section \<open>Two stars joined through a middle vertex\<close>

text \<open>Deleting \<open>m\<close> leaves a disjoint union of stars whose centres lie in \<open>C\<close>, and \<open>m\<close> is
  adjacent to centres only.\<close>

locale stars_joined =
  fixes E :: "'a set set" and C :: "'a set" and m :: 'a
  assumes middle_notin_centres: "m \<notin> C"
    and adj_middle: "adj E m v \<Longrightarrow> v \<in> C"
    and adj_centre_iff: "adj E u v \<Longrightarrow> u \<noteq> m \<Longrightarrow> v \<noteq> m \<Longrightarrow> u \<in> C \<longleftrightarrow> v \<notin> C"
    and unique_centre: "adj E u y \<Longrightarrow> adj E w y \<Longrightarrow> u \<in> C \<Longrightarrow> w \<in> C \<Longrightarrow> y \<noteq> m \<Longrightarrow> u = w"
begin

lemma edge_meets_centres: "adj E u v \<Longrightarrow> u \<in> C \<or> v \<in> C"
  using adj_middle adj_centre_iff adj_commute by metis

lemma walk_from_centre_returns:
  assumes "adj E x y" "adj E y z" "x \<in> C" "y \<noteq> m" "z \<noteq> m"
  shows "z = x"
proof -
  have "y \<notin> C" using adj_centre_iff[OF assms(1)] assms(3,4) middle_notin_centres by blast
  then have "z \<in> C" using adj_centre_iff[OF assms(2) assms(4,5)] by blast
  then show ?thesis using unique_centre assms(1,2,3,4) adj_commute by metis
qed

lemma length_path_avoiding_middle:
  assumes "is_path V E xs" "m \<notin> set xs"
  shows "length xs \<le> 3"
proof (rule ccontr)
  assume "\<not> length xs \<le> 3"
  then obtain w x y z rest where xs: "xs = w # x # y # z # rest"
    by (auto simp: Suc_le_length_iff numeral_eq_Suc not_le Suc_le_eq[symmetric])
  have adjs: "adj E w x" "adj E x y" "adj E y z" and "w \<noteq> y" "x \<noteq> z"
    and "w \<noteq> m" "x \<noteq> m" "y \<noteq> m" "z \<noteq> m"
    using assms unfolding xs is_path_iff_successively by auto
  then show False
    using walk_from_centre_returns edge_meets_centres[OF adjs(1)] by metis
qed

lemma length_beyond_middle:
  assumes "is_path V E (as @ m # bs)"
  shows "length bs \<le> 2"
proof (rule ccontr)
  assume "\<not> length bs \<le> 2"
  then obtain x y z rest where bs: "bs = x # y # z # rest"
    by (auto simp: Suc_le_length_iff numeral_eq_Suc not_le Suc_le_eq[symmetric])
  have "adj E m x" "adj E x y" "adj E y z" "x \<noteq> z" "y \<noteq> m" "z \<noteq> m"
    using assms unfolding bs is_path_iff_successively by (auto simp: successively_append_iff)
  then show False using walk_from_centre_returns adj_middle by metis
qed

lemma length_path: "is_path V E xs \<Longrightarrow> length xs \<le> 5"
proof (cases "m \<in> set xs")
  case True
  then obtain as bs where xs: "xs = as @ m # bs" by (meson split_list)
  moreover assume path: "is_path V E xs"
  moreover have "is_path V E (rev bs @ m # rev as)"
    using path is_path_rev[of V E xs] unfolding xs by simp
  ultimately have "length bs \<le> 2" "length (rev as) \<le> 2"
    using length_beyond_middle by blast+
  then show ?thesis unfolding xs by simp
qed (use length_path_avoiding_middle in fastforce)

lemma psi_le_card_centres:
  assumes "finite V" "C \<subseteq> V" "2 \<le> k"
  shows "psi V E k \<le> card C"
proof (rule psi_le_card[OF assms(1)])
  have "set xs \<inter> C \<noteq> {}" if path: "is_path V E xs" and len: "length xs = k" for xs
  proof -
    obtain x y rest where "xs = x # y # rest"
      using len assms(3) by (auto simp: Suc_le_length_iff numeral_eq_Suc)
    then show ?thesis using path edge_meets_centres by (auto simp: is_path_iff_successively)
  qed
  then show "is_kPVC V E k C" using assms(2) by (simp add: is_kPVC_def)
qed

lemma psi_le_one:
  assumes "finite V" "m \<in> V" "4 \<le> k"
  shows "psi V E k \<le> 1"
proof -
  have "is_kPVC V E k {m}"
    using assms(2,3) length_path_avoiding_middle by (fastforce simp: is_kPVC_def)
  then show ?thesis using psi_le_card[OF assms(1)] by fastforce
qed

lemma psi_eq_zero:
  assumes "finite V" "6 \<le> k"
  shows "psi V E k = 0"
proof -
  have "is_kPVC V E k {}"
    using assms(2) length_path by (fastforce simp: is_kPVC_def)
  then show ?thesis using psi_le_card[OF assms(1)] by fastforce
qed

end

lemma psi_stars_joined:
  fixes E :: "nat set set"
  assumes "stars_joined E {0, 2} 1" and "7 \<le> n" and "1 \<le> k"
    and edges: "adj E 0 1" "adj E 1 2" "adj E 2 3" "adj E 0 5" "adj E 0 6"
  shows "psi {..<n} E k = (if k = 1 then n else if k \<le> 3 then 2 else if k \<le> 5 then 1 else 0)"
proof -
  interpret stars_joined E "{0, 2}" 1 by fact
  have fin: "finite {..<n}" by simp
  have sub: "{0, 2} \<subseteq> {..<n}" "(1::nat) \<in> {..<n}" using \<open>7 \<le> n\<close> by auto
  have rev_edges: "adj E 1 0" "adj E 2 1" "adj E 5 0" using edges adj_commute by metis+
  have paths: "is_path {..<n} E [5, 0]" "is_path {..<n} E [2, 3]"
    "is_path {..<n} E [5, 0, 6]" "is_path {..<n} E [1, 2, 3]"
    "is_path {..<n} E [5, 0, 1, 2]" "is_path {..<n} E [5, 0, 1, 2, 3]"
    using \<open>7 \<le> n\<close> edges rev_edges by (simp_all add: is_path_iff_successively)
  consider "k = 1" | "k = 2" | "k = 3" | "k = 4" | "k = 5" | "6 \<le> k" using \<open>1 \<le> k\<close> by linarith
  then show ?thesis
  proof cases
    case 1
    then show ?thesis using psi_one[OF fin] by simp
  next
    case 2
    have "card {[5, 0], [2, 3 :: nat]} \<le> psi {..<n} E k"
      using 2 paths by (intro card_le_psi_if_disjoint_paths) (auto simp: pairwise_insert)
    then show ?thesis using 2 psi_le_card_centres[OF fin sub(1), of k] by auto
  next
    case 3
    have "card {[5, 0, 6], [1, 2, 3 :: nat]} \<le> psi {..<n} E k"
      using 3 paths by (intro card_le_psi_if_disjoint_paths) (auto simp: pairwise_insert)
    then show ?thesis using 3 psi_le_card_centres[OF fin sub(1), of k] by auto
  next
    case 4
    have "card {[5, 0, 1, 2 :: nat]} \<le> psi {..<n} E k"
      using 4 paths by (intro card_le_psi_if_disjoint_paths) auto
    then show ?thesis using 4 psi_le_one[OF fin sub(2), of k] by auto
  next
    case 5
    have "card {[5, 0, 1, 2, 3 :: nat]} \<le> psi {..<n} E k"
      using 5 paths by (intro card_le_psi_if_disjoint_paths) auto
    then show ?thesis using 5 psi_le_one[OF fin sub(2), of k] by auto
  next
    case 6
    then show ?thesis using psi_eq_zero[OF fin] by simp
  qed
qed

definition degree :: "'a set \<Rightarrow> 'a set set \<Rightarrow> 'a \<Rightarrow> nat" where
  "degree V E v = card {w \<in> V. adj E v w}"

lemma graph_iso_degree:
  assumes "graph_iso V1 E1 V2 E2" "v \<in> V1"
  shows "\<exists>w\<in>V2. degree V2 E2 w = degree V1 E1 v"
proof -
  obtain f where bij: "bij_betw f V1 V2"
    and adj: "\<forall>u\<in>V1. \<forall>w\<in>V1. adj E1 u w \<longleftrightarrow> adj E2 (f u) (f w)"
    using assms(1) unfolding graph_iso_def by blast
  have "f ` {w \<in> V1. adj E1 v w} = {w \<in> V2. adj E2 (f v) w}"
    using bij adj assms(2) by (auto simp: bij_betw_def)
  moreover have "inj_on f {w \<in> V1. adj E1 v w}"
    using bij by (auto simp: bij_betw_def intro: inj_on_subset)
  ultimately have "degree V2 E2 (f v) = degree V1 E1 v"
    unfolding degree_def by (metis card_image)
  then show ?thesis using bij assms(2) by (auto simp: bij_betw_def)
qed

• Action item
The expected output is a verbatim retyping of each line from the one with "then show ?thesis using psi_eq_zero[OF" to the end of the listing above, with both end lines kept and nothing added.

• Response below
    then show ?thesis using psi_eq_zero[OF fin] by simp
  qed
qed

definition degree :: "'a set \<Rightarrow> 'a set set \<Rightarrow> 'a \<Rightarrow> nat" where
  "degree V E v = card {w \<in> V. adj E v w}"

lemma graph_iso_degree:
  assumes "graph_iso V1 E1 V2 E2" "v \<in> V1"
  shows "\<exists>w\<in>V2. degree V2 E2 w = degree V1 E1 v"
proof -
  obtain f where bij: "bij_betw f V1 V2"
    and adj: "\<forall>u\<in>V1. \<forall>w\<in>V1. adj E1 u w \<longleftrightarrow> adj E2 (f u) (f w)"
    using assms(1) unfolding graph_iso_def by blast
  have "f ` {w \<in> V1. adj E1 v w} = {w \<in> V2. adj E2 (f v) w}"
    using bij adj assms(2) by (auto simp: bij_betw_def)
  moreover have "inj_on f {w \<in> V1. adj E1 v w}"
    using bij by (auto simp: bij_betw_def intro: inj_on_subset)
  ultimately have "degree V2 E2 (f v) = degree V1 E1 v"
    unfolding degree_def by (metis card_image)
  then show ?thesis using bij assms(2) by (auto simp: bij_betw_def)
qed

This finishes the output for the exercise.